• TASK INSTRUCTIONS:
Return only the line that contains "e) \<Longrightarrow> e" and each line after it, through the last line of the data below, copied exactly.

• DATA LISTING:
(* Fix $0<\eta<\eta'\le 1/8$, let $\lambda=\mathrm{e}^{-1}+\eta$ and $\ell=\lfloor 1/\eta'\rfloor$. Let $N_{\eta'}$ be the number of $(\lambda,1)$-light paths of length $\ell$ in $\mathcal W_n$. Then $\mathbb{E}[N_{\eta'}^2]=(1+o(1))(\mathbb{E}N_{\eta'})^2$ as $n\to\infty$, and consequently $$\lim_{n\to\infty}\mathbb{P}\big(N_{\eta'}\ge 2\,\mathbb{E}N_{\eta'}\big)=0.$$
   Context: $\mathcal W_n$ is the complete graph on $n$ vertices whose edges carry i.i.d. exponential weights $W_e$ with mean $n$. A path of length $\ell$ is a tuple $(v_0,\dots,v_\ell)$ of distinct vertices (paths are counted as ordered tuples), with total weight $W(\pi)=\sum_{i=1}^\ell W_{(v_{i-1},v_i)}$. A path of length $\ell$ is called $(\lambda,C)$-light if $W(\pi)\le\lambda\ell-C\sqrt{\ell}$. *)

theory Defs
  imports "HOL-Probability.Probability" "HOL-Library.Landau_Symbols"
begin

definition edges :: "nat \<Rightarrow> nat set set" where
  "edges n = {{u, v} | u v. u < n \<and> v < n \<and> u \<noteq> v}"

text \<open>The random weighted complete graph W_n: i.i.d. exponential edge weights with mean n
  (rate 1/n), as a product probability measure over the edges.\<close>
definition WM :: "nat \<Rightarrow> (nat set \<Rightarrow> real) measure" where
  "WM n = PiM (edges n) (\<lambda>e. density lborel (exponential_density (1 / real n)))"

text \<open>Paths of length l: tuples (v_0,...,v_l) of distinct vertices, as lists of length l+1.\<close>
definition paths :: "nat \<Rightarrow> nat \<Rightarrow> nat list set" where
  "paths n l = {p. length p = l + 1 \<and> distinct p \<and> set p \<subseteq> {..<n}}"

definition path_weight :: "(nat set \<Rightarrow> real) \<Rightarrow> nat list \<Rightarrow> real" where
  "path_weight w p = (\<Sum>i < length p - 1. w {p ! i, p ! Suc i})"

definition light :: "real \<Rightarrow> real \<Rightarrow> (nat set \<Rightarrow> real) \<Rightarrow> nat list \<Rightarrow> bool" where
  "light lam C w p \<longleftrightarrow>
     path_weight w p \<le> lam * real (length p - 1) - C * sqrt (real (length p - 1))"

definition count_light :: "nat \<Rightarrow> real \<Rightarrow> real \<Rightarrow> nat \<Rightarrow> (nat set \<Rightarrow> real) \<Rightarrow> nat" where
  "count_light n lam C l w = card {p \<in> paths n l. light lam C w p}"

end

theory Submission
  imports Defs
begin

text \<open>
  The length \<open>l\<close> stays fixed as \<open>n \<rightarrow> \<infinity>\<close>, and \<open>l \<ge> 8\<close> makes the threshold
  \<open>T = \<lambda> l - \<surd>l\<close> positive. A path is light as soon as each of its \<open>l\<close> edges weighs at most
  \<open>T / l\<close>, an event of probability at least \<open>(T / (2 l n))^l\<close>; as there are at least
  \<open>(n / 2)^(l + 1)\<close> paths, \<open>\<mu> = E N\<close> grows linearly in \<open>n\<close>.
  In \<open>E N\<^sup>2\<close>, the sum of \<open>P(p and q light)\<close> over pairs of paths, vertex-disjoint pairs are
  independent and contribute at most \<open>\<mu>\<^sup>2\<close>. If \<open>q\<close> meets \<open>p\<close>, then, given that \<open>p\<close> is light,
  every edge of \<open>q\<close> leaving the vertex set of \<open>p\<close> independently has weight at most \<open>T\<close>, an event
  of probability at most \<open>T / n\<close>. There are at least as many such edges as vertices of \<open>q\<close>
  outside \<open>p\<close>, so these factors pay for the \<open>n\<close> choices of each such vertex, and overlapping
  pairs contribute at most \<open>K \<mu>\<close> with \<open>K\<close> independent of \<open>n\<close>. Hence \<open>Var N \<le> K \<mu> = o(\<mu>\<^sup>2)\<close>,
  and Chebyshev's inequality bounds \<open>P(N \<ge> 2 \<mu>)\<close> by \<open>K / \<mu>\<close>.
\<close>

section \<open>Independent exponential edge weights\<close>

definition exp_weight :: "nat \<Rightarrow> real measure" where
  "exp_weight n = density lborel (exponential_density (1 / real n))"

lemma WM_eq_PiM: "WM n = PiM (edges n) (\<lambda>_. exp_weight n)"
  by (simp add: WM_def exp_weight_def)

lemma sets_exp_weight [simp]: "sets (exp_weight n) = sets borel"
  by (simp add: exp_weight_def)

lemma space_exp_weight [simp]: "space (exp_weight n) = UNIV"
  by (simp add: exp_weight_def)

lemma prob_space_exp_weight: "0 < n \<Longrightarrow> prob_space (exp_weight n)"
  unfolding exp_weight_def by (rule prob_space_exponential_density) simp

lemma finite_edges: "finite (edges n)"
proof -
  have "edges n \<subseteq> Pow {..<n}" by (auto simp: edges_def)
  then show ?thesis by (rule finite_subset) auto
qed

lemma edges_nonempty: "2 \<le> n \<Longrightarrow> edges n \<noteq> {}"
proof -
  assume "2 \<le> n"
  then have "{0, 1} \<in> edges n" unfolding edges_def by force
  then show ?thesis by blast
qed

lemma finite_product_prob_space_WM:
  "0 < n \<Longrightarrow> finite_product_prob_space (\<lambda>_. exp_weight n) (edges n)"
  using prob_space_exp_weight finite_edges
  unfolding finite_product_prob_space_def product_prob_space_def product_prob_space_axioms_def
    product_sigma_finite_def finite_product_sigma_finite_def finite_product_sigma_finite_axioms_def
  by (auto intro: prob_space_imp_sigma_finite)

lemma prob_space_WM: "0 < n \<Longrightarrow> prob_space (WM n)"
proof -
  assume "0 < n"
  then interpret finite_product_prob_space "\<lambda>_. exp_weight n" "edges n"
    by (rule finite_product_prob_space_WM)
  show ?thesis unfolding WM_eq_PiM by (rule prob_space_axioms)
qed

lemma measure_exp_weight_atMost:
  assumes "0 < n" "0 \<le> t"
  shows "measure (exp_weight n) {..t} = 1 - exp (- t / real n)"
proof -
  have "emeasure (exp_weight n) {..t} = ennreal (erlang_CDF 0 (1 / real n) t)"
    unfolding exp_weight_def by (rule emeasure_erlang_density) (use assms in simp)
  then show ?thesis using assms by (simp add: measure_def erlang_CDF_def)
qed

lemma AE_WM_pos: assumes "0 < n" shows "AE w in WM n. \<forall>e\<in>edges n. 0 < w e"
proof -
  interpret finite_product_prob_space "\<lambda>_. exp_weight n" "edges n"
    by (rule finite_product_prob_space_WM[OF assms])
  have "emeasure (exp_weight n) {..0} = ennreal (erlang_CDF 0 (1 / real n) 0)"
    unfolding exp_weight_def by (rule emeasure_erlang_density) (use assms in simp)
  then have "{..0} \<in> null_sets (exp_weight n)" by (simp add: erlang_CDF_at0 null_sets_def)
  then have "AE x in exp_weight n. 0 < x" by (rule AE_I') auto
  then show ?thesis unfolding WM_eq_PiM
    using finite_edges by (intro AE_finite_allI) (auto intro: AE_component)
qed

lemma indep_vars_WM_components:
  assumes "0 < n" "edges n \<noteq> {}"
  shows "prob_space.indep_vars (WM n) (\<lambda>_. exp_weight n) (\<lambda>e w. w e) (edges n)"
proof -
  interpret finite_product_prob_space "\<lambda>_. exp_weight n" "edges n"
    by (rule finite_product_prob_space_WM[OF assms(1)])
  interpret W: prob_space "WM n" by (rule prob_space_WM[OF assms(1)])
  have "distr (WM n) (PiM (edges n) (\<lambda>_. exp_weight n)) (\<lambda>x. \<lambda>i\<in>edges n. x i)
      = distr (WM n) (PiM (edges n) (\<lambda>_. exp_weight n)) (\<lambda>x. x)"
    by (rule distr_cong) (auto simp: WM_eq_PiM space_PiM)
  also have "\<dots> = PiM (edges n) (\<lambda>_. exp_weight n)" unfolding WM_eq_PiM by (rule distr_id)
  also have "\<dots> = PiM (edges n) (\<lambda>i. distr (WM n) (exp_weight n) (\<lambda>x. x i))"
    by (rule PiM_cong) (auto simp: WM_eq_PiM PiM_component)
  finally show ?thesis
    by (subst W.indep_vars_iff_distr_eq_PiM'[OF assms(2)]) (auto simp: WM_eq_PiM)
qed

lemma prob_WM_restrict_disjoint:
  assumes n: "0 < n" "edges n \<noteq> {}" and J: "J1 \<subseteq> edges n" "J2 \<subseteq> edges n" "J1 \<inter> J2 = {}"
    and A: "A \<in> sets (PiM J1 (\<lambda>_. exp_weight n))" and B: "B \<in> sets (PiM J2 (\<lambda>_. exp_weight n))"
  shows "measure (WM n) {w \<in> space (WM n). restrict w J1 \<in> A \<and> restrict w J2 \<in> B}
       = measure (WM n) {w \<in> space (WM n). restrict w J1 \<in> A}
       * measure (WM n) {w \<in> space (WM n). restrict w J2 \<in> B}"
proof -
  interpret W: prob_space "WM n" by (rule prob_space_WM[OF n(1)])
  define K where "K = (\<lambda>b::bool. if b then J1 else J2)"
  define AB where "AB = (\<lambda>b::bool. if b then A else B)"
  have "W.indep_vars (\<lambda>j. PiM (K j) (\<lambda>_. exp_weight n)) (\<lambda>j w. restrict (\<lambda>i. w i) (K j)) UNIV"
    by (rule W.indep_vars_restrict[OF indep_vars_WM_components[OF n]])
       (use J in \<open>auto simp: K_def disjoint_family_on_def\<close>)
  then have "W.prob (\<Inter>j\<in>UNIV. (\<lambda>w. restrict (\<lambda>i. w i) (K j)) -` AB j \<inter> space (WM n))
      = (\<Prod>j\<in>UNIV. W.prob ((\<lambda>w. restrict (\<lambda>i. w i) (K j)) -` AB j \<inter> space (WM n)))"
    by (rule W.indep_varsD) (use A B in \<open>auto simp: AB_def K_def\<close>)
  moreover have "(\<Inter>j\<in>UNIV. (\<lambda>w. restrict (\<lambda>i. w i) (K j)) -` AB j \<inter> space (WM n))
      = {w \<in> space (WM n). restrict w J1 \<in> A \<and> restrict w J2 \<in> B}"
    by (auto simp: UNIV_bool AB_def K_def)
  ultimately show ?thesis
    by (simp add: UNIV_bool AB_def K_def vimage_def Int_def conj_commute)
qed

section \<open>Edges of a path\<close>

fun path_edges :: "nat list \<Rightarrow> nat set set" where
  "path_edges (x # y # r) = insert {x, y} (path_edges (y # r))"
| "path_edges _ = {}"

lemma path_weight_Nil [simp]: "path_weight w [] = 0"
  by (simp add: path_weight_def)

lemma path_weight_singleton [simp]: "path_weight w [x] = 0"
  by (simp add: path_weight_def)

lemma path_weight_Cons_Cons [simp]:
  "path_weight w (x # y # r) = w {x, y} + path_weight w (y # r)"
proof -
  have "path_weight w (x # y # r) = (\<Sum>i<Suc (length r). w {(x # y # r) ! i, (x # y # r) ! Suc i})"
    by (simp add: path_weight_def)
  also have "\<dots> = w {x, y} + (\<Sum>i<length r. w {(y # r) ! i, (y # r) ! Suc i})"
    by (subst sum.lessThan_Suc_shift) simp
  finally show ?thesis by (simp add: path_weight_def)
qed

lemma path_weight_cong:
  "(\<And>e. e \<in> path_edges p \<Longrightarrow> w e = w' e) \<Longrightarrow> path_weight w p = path_weight w' p"
  by (induction p rule: path_edges.induct) auto

lemma path_weight_le:
  "(\<And>e. e \<in> path_edges p \<Longrightarrow> w e \<le> s) \<Longrightarrow> path_weight w p \<le> s * real (length p - 1)"
proof (induction p rule: path_edges.induct)
  case (1 x y r)
  then have "path_weight w (y # r) \<le> s * real (length (y # r) - 1)" "w {x, y} \<le> s" by auto
  then show ?case by (simp add: algebra_simps)
qed auto

lemma path_weight_nonneg: "(\<And>e. e \<in> path_edges p \<Longrightarrow> 0 \<le> w e) \<Longrightarrow> 0 \<le> path_weight w p"
  by (induction p rule: path_edges.induct) auto

lemma weight_le_path_weight:
  "(\<And>e. e \<in> path_edges p \<Longrightarrow> 0 \<le> w e) \<Longrightarrow> e \<in> path_edges p \<Longrightarrow> w e \<le> path_weight w p"
proof (induction p rule: path_edges.induct)
  case (1 x y r)
  then have "0 \<le> path_weight w (y # r)" "0 \<le> w {x, y}"
    by (auto intro: path_weight_nonneg)
  moreover have "w e \<le> path_weight w (y # r)" if "e \<noteq> {x, y}"
    using 1 that by auto
  ultimately show ?case by (cases "e = {x, y}") auto
qed auto

lemma finite_path_edges: "finite (path_edges p)"
  by (induction p rule: path_edges.induct) auto

lemma path_edge_subset: "e \<in> path_edges p \<Longrightarrow> e \<subseteq> set p"
  by (induction p rule: path_edges.induct) auto

lemma path_edge_nonempty: "e \<in> path_edges p \<Longrightarrow> e \<noteq> {}"
  by (induction p rule: path_edges.induct) auto

lemma card_path_edges: "card (path_edges p) \<le> length p - 1"
proof (induction p rule: path_edges.induct)
  case (1 x y r)
  have "card (path_edges (x # y # r)) \<le> Suc (card (path_edges (y # r)))"
    by (simp add: card_insert_if finite_path_edges)
  with 1 show ?case by simp
qed auto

• REPLY:
  "(\<And>e. e \<in> path_edges p \<Longrightarrow> 0 \<le> w e) \<Longrightarrow> e \<in> path_edges p \<Longrightarrow> w e \<le> path_weight w p"
proof (induction p rule: path_edges.induct)
  case (1 x y r)
  then have "0 \<le> path_weight w (y # r)" "0 \<le> w {x, y}"
    by (auto intro: path_weight_nonneg)
  moreover have "w e \<le> path_weight w (y # r)" if "e \<noteq> {x, y}"
    using 1 that by auto
  ultimately show ?case by (cases "e = {x, y}") auto
qed auto

lemma finite_path_edges: "finite (path_edges p)"
  by (induction p rule: path_edges.induct) auto

lemma path_edge_subset: "e \<in> path_edges p \<Longrightarrow> e \<subseteq> set p"
  by (induction p rule: path_edges.induct) auto

lemma path_edge_nonempty: "e \<in> path_edges p \<Longrightarrow> e \<noteq> {}"
  by (induction p rule: path_edges.induct) auto

lemma card_path_edges: "card (path_edges p) \<le> length p - 1"
proof (induction p rule: path_edges.induct)
  case (1 x y r)
  have "card (path_edges (x # y # r)) \<le> Suc (card (path_edges (y # r)))"
    by (simp add: card_insert_if finite_path_edges)
  with 1 show ?case by simp
qed auto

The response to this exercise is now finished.